What you should do> Write out, word for word, every line in the data below from the one containing "unfolding phi_def by simp" to the one containing "(* Let $G$ be", both of them included.

════════

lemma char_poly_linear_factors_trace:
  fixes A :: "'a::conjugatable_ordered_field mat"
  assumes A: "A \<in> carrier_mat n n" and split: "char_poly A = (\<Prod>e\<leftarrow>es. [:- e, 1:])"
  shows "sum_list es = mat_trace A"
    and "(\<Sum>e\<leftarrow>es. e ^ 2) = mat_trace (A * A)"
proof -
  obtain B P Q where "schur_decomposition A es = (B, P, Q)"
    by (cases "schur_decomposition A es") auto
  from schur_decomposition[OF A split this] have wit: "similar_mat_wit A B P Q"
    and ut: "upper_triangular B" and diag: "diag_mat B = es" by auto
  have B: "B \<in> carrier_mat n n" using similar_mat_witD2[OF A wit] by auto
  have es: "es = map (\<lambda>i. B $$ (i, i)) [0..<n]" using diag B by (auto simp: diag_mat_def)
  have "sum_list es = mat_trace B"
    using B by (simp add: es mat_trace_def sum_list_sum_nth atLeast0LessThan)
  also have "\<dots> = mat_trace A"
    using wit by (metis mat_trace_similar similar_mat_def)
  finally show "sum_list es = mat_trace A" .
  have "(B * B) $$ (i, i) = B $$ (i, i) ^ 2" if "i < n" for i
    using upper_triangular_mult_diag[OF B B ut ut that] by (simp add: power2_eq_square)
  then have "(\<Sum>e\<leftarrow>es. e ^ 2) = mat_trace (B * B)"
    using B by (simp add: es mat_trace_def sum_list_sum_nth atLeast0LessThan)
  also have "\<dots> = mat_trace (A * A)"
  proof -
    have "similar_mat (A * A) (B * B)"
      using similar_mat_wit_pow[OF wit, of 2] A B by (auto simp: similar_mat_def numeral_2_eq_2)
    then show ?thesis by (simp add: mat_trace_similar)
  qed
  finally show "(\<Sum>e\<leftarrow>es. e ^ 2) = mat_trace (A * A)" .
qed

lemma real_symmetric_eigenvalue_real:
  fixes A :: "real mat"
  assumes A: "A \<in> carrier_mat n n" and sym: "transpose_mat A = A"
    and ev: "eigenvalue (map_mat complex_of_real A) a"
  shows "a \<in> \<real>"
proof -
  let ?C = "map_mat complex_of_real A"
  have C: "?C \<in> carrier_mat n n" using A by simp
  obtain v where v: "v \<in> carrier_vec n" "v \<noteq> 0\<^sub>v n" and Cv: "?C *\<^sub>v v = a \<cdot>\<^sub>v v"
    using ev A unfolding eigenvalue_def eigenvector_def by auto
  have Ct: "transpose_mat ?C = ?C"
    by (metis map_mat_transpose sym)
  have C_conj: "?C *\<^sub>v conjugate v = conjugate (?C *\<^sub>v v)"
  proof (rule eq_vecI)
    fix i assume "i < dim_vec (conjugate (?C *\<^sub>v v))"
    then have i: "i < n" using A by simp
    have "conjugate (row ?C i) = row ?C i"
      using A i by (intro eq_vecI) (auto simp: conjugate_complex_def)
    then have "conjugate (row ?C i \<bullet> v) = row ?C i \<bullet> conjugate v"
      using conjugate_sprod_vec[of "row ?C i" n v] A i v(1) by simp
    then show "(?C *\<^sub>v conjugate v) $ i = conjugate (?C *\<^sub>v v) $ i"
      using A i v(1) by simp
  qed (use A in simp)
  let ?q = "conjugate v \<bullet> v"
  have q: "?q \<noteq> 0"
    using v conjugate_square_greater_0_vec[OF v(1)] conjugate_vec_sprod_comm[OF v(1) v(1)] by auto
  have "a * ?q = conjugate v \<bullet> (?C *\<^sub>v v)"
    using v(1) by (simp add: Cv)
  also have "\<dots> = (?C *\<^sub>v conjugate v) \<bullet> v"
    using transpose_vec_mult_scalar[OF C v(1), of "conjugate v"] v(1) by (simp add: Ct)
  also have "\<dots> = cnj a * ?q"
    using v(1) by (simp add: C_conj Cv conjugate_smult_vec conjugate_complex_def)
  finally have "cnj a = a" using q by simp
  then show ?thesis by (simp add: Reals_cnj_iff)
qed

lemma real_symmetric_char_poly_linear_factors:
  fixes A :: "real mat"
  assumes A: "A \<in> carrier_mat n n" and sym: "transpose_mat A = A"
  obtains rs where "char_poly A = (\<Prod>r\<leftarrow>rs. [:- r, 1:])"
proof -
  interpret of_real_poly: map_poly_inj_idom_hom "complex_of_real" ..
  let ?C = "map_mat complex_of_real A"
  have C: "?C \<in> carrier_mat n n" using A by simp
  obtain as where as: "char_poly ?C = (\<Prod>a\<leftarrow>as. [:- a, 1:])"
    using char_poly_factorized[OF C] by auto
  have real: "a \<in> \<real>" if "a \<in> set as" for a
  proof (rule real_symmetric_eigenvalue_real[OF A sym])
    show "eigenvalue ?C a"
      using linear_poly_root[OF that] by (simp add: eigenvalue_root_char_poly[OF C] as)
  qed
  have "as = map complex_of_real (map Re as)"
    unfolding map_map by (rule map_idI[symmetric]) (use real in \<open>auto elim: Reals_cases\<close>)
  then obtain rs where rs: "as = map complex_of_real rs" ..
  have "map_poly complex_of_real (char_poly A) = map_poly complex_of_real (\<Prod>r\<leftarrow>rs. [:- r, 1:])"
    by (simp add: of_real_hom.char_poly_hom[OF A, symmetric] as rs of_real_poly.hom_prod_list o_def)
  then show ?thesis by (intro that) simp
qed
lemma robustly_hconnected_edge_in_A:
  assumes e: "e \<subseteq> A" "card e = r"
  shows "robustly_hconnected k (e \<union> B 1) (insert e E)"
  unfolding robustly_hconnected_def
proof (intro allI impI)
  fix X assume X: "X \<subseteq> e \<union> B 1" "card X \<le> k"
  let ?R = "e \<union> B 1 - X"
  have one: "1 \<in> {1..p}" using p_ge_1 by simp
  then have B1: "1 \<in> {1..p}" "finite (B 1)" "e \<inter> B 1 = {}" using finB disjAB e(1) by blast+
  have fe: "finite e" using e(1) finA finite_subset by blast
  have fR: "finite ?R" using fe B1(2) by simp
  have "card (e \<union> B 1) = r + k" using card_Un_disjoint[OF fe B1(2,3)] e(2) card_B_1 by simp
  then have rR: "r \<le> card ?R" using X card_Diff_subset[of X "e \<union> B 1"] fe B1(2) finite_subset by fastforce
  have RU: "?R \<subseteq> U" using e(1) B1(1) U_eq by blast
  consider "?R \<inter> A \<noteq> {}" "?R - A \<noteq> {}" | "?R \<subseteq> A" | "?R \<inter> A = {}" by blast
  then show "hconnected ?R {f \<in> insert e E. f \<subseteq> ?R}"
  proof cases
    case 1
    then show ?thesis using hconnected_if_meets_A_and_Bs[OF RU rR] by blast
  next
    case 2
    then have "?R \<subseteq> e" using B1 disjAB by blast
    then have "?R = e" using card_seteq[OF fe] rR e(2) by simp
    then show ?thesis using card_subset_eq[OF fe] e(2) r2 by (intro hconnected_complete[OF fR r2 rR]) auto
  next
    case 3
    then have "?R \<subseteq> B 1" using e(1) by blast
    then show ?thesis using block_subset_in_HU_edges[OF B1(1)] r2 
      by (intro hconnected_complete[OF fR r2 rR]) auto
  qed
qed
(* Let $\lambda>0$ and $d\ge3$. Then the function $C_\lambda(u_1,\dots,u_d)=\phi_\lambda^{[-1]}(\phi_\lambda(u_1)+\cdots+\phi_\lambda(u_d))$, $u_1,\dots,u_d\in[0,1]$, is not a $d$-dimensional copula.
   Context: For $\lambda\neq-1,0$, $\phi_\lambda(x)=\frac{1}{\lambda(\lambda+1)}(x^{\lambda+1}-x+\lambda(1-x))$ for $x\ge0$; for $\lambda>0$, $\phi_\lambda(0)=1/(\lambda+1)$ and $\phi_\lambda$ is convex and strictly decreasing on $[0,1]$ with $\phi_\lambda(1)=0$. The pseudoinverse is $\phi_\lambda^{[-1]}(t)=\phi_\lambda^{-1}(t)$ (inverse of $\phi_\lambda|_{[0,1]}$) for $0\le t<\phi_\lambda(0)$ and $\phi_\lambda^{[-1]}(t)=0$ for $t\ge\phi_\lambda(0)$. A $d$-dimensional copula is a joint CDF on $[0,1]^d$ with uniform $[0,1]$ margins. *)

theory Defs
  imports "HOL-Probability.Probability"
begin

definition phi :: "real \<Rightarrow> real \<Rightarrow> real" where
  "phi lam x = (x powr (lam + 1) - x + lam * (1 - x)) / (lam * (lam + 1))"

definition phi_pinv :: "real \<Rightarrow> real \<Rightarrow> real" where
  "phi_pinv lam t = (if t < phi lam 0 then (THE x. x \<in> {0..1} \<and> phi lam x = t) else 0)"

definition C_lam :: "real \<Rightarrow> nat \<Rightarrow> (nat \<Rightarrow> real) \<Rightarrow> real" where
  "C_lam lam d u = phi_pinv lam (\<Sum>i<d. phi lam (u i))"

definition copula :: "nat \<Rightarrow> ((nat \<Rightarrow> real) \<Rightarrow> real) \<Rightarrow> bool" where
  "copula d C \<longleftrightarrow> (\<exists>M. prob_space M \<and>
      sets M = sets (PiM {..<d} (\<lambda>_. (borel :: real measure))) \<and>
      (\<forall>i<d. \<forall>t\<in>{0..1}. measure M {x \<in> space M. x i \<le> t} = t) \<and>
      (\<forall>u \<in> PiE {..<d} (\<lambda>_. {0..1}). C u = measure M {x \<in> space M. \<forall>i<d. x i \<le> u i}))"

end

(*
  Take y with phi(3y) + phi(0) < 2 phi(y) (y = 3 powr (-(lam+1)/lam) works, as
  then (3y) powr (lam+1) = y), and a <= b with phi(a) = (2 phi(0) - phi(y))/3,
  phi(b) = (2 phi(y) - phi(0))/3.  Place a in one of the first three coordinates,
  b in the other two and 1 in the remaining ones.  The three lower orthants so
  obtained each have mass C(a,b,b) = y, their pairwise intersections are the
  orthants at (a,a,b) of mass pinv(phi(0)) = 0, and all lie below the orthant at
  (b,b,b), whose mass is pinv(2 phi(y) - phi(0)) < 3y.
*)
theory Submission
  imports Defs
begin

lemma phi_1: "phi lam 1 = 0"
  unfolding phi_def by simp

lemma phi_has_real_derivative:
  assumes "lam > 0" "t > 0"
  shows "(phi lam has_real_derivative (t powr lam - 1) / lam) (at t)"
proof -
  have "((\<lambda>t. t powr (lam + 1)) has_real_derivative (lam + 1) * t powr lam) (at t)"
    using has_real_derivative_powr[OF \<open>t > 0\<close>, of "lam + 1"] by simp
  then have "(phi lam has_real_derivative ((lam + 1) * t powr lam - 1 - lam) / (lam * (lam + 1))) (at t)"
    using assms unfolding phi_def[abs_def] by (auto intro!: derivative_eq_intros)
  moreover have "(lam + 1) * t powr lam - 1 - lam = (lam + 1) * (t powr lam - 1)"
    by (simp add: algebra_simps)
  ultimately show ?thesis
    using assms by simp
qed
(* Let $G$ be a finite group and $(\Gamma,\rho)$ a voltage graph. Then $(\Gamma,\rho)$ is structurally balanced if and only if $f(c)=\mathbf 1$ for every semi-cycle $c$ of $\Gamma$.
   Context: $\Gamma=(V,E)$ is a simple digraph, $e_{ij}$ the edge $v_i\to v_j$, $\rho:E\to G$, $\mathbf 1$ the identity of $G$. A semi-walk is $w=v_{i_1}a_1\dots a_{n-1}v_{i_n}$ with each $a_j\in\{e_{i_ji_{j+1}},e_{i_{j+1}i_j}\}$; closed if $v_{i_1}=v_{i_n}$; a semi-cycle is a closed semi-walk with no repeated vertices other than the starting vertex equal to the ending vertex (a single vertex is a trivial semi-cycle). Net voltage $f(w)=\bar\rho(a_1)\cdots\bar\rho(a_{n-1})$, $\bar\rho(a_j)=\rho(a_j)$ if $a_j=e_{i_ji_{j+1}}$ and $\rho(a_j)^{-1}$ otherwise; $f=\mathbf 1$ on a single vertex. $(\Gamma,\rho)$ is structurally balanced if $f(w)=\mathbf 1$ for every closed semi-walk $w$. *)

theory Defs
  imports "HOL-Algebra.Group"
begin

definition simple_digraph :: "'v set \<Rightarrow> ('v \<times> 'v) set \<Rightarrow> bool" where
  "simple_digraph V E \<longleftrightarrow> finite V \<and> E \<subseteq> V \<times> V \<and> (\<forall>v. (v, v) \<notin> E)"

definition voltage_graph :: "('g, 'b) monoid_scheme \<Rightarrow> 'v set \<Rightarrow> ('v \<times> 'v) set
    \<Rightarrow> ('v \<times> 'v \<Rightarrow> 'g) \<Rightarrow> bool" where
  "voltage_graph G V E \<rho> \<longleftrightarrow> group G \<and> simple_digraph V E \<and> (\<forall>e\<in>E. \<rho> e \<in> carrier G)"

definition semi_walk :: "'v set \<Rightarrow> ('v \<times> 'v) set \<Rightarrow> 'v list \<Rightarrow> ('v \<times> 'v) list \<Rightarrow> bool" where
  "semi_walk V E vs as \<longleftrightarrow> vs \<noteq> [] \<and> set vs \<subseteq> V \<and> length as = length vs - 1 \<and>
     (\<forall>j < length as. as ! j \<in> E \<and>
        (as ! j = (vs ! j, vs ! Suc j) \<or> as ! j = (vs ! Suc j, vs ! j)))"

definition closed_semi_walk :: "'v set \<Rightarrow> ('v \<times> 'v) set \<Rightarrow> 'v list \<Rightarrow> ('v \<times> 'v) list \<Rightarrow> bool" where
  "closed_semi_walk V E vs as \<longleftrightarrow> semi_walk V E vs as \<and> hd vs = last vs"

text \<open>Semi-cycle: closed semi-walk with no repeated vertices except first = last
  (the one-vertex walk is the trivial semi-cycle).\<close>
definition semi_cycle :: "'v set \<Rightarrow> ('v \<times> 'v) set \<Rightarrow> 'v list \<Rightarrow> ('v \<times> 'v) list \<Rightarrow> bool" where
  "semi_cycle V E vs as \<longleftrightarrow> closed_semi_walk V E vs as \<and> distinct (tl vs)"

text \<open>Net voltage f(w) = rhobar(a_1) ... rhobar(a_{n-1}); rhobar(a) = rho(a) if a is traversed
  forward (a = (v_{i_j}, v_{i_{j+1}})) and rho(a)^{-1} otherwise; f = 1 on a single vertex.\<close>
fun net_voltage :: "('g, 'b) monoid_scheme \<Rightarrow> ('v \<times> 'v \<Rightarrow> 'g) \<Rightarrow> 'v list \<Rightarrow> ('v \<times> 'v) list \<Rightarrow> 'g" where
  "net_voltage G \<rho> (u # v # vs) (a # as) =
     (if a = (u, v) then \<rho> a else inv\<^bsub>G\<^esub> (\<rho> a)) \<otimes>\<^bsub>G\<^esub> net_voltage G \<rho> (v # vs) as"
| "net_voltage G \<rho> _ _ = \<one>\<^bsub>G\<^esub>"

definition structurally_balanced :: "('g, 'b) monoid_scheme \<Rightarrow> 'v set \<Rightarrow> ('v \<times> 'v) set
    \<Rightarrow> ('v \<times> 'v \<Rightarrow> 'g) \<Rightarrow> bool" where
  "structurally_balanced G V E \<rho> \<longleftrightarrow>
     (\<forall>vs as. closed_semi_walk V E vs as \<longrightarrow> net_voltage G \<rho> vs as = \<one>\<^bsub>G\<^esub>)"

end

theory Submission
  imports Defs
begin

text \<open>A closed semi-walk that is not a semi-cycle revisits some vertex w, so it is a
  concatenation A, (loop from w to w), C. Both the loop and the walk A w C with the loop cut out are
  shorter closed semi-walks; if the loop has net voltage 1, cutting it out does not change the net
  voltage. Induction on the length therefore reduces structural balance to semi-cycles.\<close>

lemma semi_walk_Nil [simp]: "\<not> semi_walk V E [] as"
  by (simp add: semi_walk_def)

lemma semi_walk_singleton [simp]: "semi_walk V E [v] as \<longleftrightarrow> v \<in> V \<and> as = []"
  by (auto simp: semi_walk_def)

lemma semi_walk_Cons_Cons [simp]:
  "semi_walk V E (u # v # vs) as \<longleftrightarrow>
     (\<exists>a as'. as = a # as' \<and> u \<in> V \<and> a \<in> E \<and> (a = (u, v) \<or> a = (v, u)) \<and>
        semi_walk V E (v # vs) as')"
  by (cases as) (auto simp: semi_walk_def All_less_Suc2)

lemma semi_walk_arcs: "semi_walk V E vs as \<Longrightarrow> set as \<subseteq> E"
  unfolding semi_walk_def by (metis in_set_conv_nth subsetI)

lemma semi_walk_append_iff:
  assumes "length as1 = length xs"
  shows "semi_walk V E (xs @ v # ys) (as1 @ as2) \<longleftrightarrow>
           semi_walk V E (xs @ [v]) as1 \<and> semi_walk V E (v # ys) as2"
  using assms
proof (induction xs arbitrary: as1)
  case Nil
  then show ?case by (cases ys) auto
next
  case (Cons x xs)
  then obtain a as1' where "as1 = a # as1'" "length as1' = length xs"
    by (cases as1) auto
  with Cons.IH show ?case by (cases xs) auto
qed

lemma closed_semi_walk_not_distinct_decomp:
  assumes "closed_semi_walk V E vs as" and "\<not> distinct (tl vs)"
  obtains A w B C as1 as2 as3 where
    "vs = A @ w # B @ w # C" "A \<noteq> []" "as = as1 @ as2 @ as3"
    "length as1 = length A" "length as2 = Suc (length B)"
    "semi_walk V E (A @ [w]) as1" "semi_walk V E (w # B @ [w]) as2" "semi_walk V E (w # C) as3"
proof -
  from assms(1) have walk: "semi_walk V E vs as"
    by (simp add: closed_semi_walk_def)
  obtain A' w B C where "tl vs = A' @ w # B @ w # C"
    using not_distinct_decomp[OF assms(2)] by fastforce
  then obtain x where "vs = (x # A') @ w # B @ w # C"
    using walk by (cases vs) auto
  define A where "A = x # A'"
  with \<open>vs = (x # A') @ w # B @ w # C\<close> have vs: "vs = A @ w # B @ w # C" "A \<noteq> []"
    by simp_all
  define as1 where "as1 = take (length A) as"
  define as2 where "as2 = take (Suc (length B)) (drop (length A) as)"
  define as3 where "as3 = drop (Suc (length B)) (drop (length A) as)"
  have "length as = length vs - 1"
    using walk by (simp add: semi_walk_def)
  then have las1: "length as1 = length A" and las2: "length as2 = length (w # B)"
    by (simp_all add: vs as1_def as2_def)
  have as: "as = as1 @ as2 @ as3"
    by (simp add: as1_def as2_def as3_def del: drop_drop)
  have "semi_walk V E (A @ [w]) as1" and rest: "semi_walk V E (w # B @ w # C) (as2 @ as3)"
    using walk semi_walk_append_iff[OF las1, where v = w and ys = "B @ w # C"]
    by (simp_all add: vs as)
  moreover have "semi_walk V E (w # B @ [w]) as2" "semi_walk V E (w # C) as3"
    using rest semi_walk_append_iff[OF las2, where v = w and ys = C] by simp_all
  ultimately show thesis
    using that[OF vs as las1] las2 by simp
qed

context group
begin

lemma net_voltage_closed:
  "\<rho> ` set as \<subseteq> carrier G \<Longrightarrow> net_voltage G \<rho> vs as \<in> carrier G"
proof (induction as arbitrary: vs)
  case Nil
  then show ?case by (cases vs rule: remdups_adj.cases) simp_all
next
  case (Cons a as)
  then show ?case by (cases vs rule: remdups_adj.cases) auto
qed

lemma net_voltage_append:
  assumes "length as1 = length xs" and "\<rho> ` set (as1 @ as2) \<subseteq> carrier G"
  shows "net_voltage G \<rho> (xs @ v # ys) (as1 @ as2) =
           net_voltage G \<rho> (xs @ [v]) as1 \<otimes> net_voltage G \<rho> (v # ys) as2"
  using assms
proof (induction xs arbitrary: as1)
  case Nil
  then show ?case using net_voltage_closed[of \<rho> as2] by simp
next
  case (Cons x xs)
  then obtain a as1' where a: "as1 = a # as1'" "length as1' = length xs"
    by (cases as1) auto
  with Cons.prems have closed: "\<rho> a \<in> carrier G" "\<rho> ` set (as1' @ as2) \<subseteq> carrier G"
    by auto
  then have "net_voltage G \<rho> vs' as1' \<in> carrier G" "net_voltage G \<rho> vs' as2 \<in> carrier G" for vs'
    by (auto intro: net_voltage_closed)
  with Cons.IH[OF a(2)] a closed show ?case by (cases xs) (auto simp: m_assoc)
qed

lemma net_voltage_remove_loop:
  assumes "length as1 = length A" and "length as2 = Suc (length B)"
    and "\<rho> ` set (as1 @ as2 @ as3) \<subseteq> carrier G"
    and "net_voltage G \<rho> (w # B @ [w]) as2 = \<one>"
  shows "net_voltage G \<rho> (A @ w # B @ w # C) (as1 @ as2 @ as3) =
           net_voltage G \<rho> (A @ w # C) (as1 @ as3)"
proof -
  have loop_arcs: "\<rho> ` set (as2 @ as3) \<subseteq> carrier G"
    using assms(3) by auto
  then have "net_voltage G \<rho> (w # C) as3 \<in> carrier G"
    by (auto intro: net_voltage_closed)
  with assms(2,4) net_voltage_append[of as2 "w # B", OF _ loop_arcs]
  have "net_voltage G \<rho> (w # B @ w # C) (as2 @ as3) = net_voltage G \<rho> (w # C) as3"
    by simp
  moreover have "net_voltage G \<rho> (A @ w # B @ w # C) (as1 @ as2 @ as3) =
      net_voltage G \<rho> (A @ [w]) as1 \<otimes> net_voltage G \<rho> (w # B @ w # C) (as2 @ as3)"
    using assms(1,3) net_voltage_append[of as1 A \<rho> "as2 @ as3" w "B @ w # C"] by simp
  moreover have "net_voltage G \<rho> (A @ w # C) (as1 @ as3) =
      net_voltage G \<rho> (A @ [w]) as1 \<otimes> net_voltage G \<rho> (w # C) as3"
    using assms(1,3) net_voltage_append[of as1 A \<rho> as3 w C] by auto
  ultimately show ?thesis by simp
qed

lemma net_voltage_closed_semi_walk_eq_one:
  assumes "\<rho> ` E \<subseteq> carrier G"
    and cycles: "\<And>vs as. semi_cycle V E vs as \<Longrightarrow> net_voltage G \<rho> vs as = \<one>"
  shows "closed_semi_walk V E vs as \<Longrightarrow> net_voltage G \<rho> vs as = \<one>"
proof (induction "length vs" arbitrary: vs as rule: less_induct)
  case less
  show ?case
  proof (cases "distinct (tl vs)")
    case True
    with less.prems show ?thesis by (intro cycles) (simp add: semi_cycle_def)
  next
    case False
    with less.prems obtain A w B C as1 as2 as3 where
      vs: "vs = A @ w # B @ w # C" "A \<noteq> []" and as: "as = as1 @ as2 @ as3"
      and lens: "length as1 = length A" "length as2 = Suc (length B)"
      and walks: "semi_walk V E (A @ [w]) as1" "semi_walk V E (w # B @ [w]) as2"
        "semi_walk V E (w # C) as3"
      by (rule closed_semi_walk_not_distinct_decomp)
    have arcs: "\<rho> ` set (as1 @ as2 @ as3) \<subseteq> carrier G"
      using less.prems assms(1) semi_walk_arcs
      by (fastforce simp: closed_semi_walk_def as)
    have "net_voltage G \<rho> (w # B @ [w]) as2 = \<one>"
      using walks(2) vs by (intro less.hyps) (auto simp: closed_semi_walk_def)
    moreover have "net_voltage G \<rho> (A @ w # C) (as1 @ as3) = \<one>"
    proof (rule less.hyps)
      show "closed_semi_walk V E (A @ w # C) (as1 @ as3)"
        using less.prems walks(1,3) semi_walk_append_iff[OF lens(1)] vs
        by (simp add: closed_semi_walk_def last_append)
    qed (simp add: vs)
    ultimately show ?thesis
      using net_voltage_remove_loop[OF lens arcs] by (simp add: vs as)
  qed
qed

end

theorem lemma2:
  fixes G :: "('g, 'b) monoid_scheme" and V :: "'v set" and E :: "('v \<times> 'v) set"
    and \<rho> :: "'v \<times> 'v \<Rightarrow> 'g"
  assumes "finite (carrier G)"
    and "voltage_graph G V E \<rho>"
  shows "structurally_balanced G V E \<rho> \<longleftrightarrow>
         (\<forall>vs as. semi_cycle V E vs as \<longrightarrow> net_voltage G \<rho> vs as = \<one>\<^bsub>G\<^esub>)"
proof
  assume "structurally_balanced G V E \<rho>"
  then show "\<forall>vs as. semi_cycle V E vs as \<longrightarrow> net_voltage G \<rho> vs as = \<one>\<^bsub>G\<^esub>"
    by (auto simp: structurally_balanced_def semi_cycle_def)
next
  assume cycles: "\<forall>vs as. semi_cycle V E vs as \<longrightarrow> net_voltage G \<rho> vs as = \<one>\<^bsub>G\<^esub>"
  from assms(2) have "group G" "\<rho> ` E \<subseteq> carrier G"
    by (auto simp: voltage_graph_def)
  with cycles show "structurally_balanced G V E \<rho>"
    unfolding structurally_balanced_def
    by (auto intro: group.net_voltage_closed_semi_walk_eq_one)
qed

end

════════

Answer area>
  unfolding phi_def by simp

lemma phi_has_real_derivative:
  assumes "lam > 0" "t > 0"
  shows "(phi lam has_real_derivative (t powr lam - 1) / lam) (at t)"
proof -
  have "((\<lambda>t. t powr (lam + 1)) has_real_derivative (lam + 1) * t powr lam) (at t)"
    using has_real_derivative_powr[OF \<open>t > 0\<close>, of "lam + 1"] by simp
  then have "(phi lam has_real_derivative ((lam + 1) * t powr lam - 1 - lam) / (lam * (lam + 1))) (at t)"
    using assms unfolding phi_def[abs_def] by (auto intro!: derivative_eq_intros)
  moreover have "(lam + 1) * t powr lam - 1 - lam = (lam + 1) * (t powr lam - 1)"
    by (simp add: algebra_simps)
  ultimately show ?thesis
    using assms by simp
qed
(* Let $G$ be a finite group and $(\Gamma,\rho)$ a voltage graph. Then $(\Gamma,\rho)$ is structurally balanced if and only if $f(c)=\mathbf 1$ for every semi-cycle $c$ of $\Gamma$.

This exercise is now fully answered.